Speaker
Description
Resonances in open quantum systems have been actively studied since the very birth of quantum mechanics [1,2]. Their linewidth broadenings caused by the finite lifetimes can be analytically estimated only in a few particular cases [3]. In this sense, the analytically estimated linewidth broadenings of the electron-impurity resonant states by Monozon and Schmelcher [4] is a remarkable theoretical result which can be used as a reliable reference for qualitative estimations [5].
In the current report, using the complex-scaling calculations as a quantitative insight, we show how the qualitative theoretical estimations made by Monozon and Schmelcher for the electron-impurity in very narrow quantum wells (QWs) can be improved and generalized to more practical case of the QW widths of order of the electron-impurity's Bohr radius [6]. In particular, we show that discovered by Fano [7] and confirmed by Monozon and Schmelcher the fourth-power scaling of the linewidth broadenings with respect to QW width holds only for very narrow QWs which are hardly be practically used in the spectroscopy of heterostructures [5]. In contrast to [4], we analytically and numerically demonstrate that for the real QWs the scaling of the linewidths with respect to the QW width appears to be linear.

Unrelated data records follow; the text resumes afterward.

lemma Lzero_ignores_some_constant:
  assumes "|UNIV::nat set| <o |K|" and "\<chi> \<in> Lzero K \<tau>"
  obtains a0 where "a0 \<in> K"
    "\<And>f g s. (\<forall>a. a \<noteq> a0 \<longrightarrow> f a = g a) \<Longrightarrow> isat \<chi> (const_struc K f) s = isat \<chi> (const_struc K g) s"
proof -
  have "\<not> K \<subseteq> fsyms \<chi>"
    using Lzero_fsyms_small[OF assms] card_of_mono1 not_ordLess_ordLeq by blast
  then obtain a0 where a0: "a0 \<in> K" "a0 \<notin> fsyms \<chi>" by blast
  have "isat \<chi> (const_struc K f) s = isat \<chi> (const_struc K g) s"
    if "\<forall>a. a \<noteq> a0 \<longrightarrow> f a = g a" for f g s
    using that a0(2) by (intro isat_fsyms_cong) (auto simp: const_struc_def fun_eq_iff)
  thus thesis using that a0(1) by blast
qed

text \<open>The sentence "the constants a and b differ", i.e. exists x. x = a and not x = b.\<close>

definition neq_consts :: "'u \<Rightarrow> 'u \<Rightarrow> ('u, 'u) ifm" where
  "neq_consts a b = Exi {a} (Conj {a, b} (\<lambda>i. if i = a then FunA a a [] else Neg (FunA b a [])))"

lemma isat_neq_consts:
  assumes "a \<noteq> b" "fn M a 0 [] \<in> dom M"
  shows "isat (neq_consts a b) M s \<longleftrightarrow> fn M a 0 [] \<noteq> fn M b 0 []"
  using assms by (auto simp: neq_consts_def intro!: exI[of _ "s(a := fn M a 0 [])"])

definition distinct_consts :: "'u set \<Rightarrow> ('u, 'u) ifm" where
  "distinct_consts U = Conj U (\<lambda>a. Conj (U - {a}) (\<lambda>b. neq_consts a b))"

lemma isat_distinct_consts:
  assumes "\<forall>a\<in>U. fn M a 0 [] \<in> dom M"
  shows "(\<forall>s. isat (distinct_consts U) M s) \<longleftrightarrow> inj_on (\<lambda>a. fn M a 0 []) U"
proof -
  have "isat (neq_consts a b) M s \<longleftrightarrow> fn M a 0 [] \<noteq> fn M b 0 []" if "a \<in> U" "b \<in> U - {a}" for a b s
    using assms that isat_neq_consts[of a b M s] by auto
  hence "(\<forall>s. isat (distinct_consts U) M s) \<longleftrightarrow> (\<forall>a\<in>U. \<forall>b\<in>U - {a}. fn M a 0 [] \<noteq> fn M b 0 [])"
    unfolding distinct_consts_def by simp
  thus ?thesis unfolding inj_on_def by blast
qed

lemma distinct_consts_Lminus1:
  assumes "U \<subseteq> K" "card_lt U K"
  shows "distinct_consts U \<in> Lminus1 K (const_set_vocab K)"
proof -
  have "Lfin_sent U (const_set_vocab K) (distinct_consts U)"
    using assms(1) unfolding Lfin_sent_def distinct_consts_def neq_consts_def const_set_vocab_def
    by (auto simp: card_le_def intro!: card_of_mono1)
  thus ?thesis using assms(2) unfolding Lminus1_def by blast
qed

lemma isat_distinct_consts_const_struc:
  assumes "U \<subseteq> K"
  shows "(\<forall>s. isat (distinct_consts U) (const_struc K f) s) \<longleftrightarrow> inj_on f U"
proof -
  have "inj_on (\<lambda>a. fn (const_struc K f) a 0 []) U \<longleftrightarrow> inj_on f U"
    using assms by (intro inj_on_cong) auto
  thus ?thesis using isat_distinct_consts[of U "const_struc K f"] by simp
qed

text \<open>No L^0_kappa sentence expresses that the constants of every initial segment below
  an element of a cofinal set C -- hence all constants of K -- are pairwise distinct:
  it cannot tell the identity interpretation from one identifying an unmentioned
  constant a0 with some a1, and a0, a1 lie in a common segment.\<close>

lemma Lzero_cannot_express_distinctness:
  assumes K: "singular_card K" and C: "C \<subseteq> K" "cofinal C |K|"
    and \<chi>: "\<chi> \<in> Lzero K (const_set_vocab K)"
    and equiv: "\<And>M. is_struc (const_set_vocab K) M \<Longrightarrow>
      (\<forall>s. isat \<chi> M s) \<longleftrightarrow> (\<forall>c\<in>C. \<forall>s. isat (distinct_consts (underS (card_of K) c)) M s)"
  shows False
proof -
  define U where "U c = underS (card_of K) c" for c
  have segment: "(\<forall>s. isat (distinct_consts (U c)) (const_struc K f) s) \<longleftrightarrow> inj_on f (U c)"
    if "c \<in> C" for c f
  proof (rule isat_distinct_consts_const_struc)
    show "U c \<subseteq> K" using that C(1) initial_segment_small(1)[of c K] unfolding U_def by blast
  qed
  have \<chi>_distinct: "(\<forall>s. isat \<chi> (const_struc K f) s) \<longleftrightarrow> (\<forall>c\<in>C. inj_on f (U c))" for f
    using equiv[OF const_struc_is_struc, of f] segment[of _ f] unfolding U_def by auto
  obtain a0 where a0: "a0 \<in> K" "\<And>f g s. (\<forall>a. a \<noteq> a0 \<longrightarrow> f a = g a) \<Longrightarrow>
      isat \<chi> (const_struc K f) s = isat \<chi> (const_struc K g) s"
    using Lzero_ignores_some_constant[OF singular_card_uncountable[OF K] \<chi>] by blast
  have "infinite (K - {a0})" using K unfolding singular_card_def by simp
  then obtain a1 where a1: "a1 \<in> K" "a1 \<noteq> a0"
    by (metis DiffD1 DiffD2 ex_in_conv infinite_imp_nonempty singletonI)
  obtain c where c: "c \<in> C" "a0 \<in> U c" "a1 \<in> U c"
    using cofinal_common_strict_bound[OF card_of_Well_order C(2)] a0(1) a1(1)
    unfolding U_def Field_card_of by blast
  have "\<forall>s. isat \<chi> (const_struc K id) s" using \<chi>_distinct by simp
  hence "\<forall>s. isat \<chi> (const_struc K (id(a0 := a1))) s" using a0(2)[of id "id(a0 := a1)"] by simp
  hence "inj_on (id(a0 := a1)) (U c)" using \<chi>_distinct c(1) by blast
  thus False using inj_onD[of "id(a0 := a1)" "U c" a0 a1] c(2,3) a1(2) by simp
qed

text \<open>By substitution, "all constants of the segments below elements of C are distinct"
  is an L^0_kappa sentence; this contradicts the previous lemma.\<close>

theorem mainTheorem18:
  fixes K :: "'u set"
  assumes "singular_card K" and "strong_limit_card K"
  shows "\<not> (\<exists>(Sent :: 'u vocab \<Rightarrow> 'x set) (sat :: ('u, 'u) struc \<Rightarrow> 'x \<Rightarrow> bool).
            is_logic Sent sat
            \<and> inf_le_logic (Lminus1 K) Sent sat
            \<and> logic_le_inf Sent sat (Lzero K)
            \<and> full_substitution Sent sat)"
proof
  assume "\<exists>(Sent :: 'u vocab \<Rightarrow> 'x set) (sat :: ('u, 'u) struc \<Rightarrow> 'x \<Rightarrow> bool).
            is_logic Sent sat \<and> inf_le_logic (Lminus1 K) Sent sat
            \<and> logic_le_inf Sent sat (Lzero K) \<and> full_substitution Sent sat"
  then obtain Sent :: "'u vocab \<Rightarrow> 'x set" and sat :: "('u, 'u) struc \<Rightarrow> 'x \<Rightarrow> bool"
    where L: "inf_le_logic (Lminus1 K) Sent sat" "logic_le_inf Sent sat (Lzero K)"
      "full_substitution Sent sat" by blast
  obtain C where C: "C \<subseteq> K" "card_lt C K" "cofinal C |K|"
    using singular_card_small_cofinal[OF assms(1)] by blast
  have segments: "\<forall>c\<in>C. distinct_consts (underS (card_of K) c) \<in> Lminus1 K (const_set_vocab K)"
    using C(1) by (auto intro!: distinct_consts_Lminus1 initial_segment_small)
  obtain \<chi> where "\<chi> \<in> Lzero K (const_set_vocab K)" "\<And>M. is_struc (const_set_vocab K) M \<Longrightarrow>
      (\<forall>s. isat \<chi> M s) \<longleftrightarrow> (\<forall>c\<in>C. \<forall>s. isat (distinct_consts (underS (card_of K) c)) M s)"
    using small_conjunction_in_Lzero[OF L C(2) segments] by blast
  thus False using Lzero_cannot_express_distinctness[OF assms(1) C(1,3)] by blast
qed

end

As a result, our studies shed light to the linewidth broadenings in the regimes inaccessible by the Fano theory of resonances. Moreover, many calculated resonant states of electron-impurity and electron-hole pairs in semiconductor QWs as well as their dependencies on the QW width as a parameter allow us to study formation of the exceptional points as a degeneracy of resonances in such systems [8,9].
[1] G. A. Gamow, Z. Physik 51, 204 (1928).
[2] N. Moiseyev, Non-Hermitian Quantum Mechanics (Cambridge University
Press, Cambridge, 2011).
[3] K. Rapedius, Eur. J. Phys. 32, 1199 (2011).
[4] B. S. Monozon and P. Schmelcher, Phys. Rev. B 71, 085302 (2005).
[5] P. A. Belov, Physica E, 112, 96 (2019).
[6] P. A. Belov, Phys. Rev. B 105, 155417 (2022).
[7] U. Fano, Phys. Rev. 124, 1866 (1961).
[8] M. Feldmaier et al J. Phys. B: At. Mol. Opt. Phys. 49, 144002 (2016).
[9] P. A. Belov, Semiconductors 53, 2049 (2019).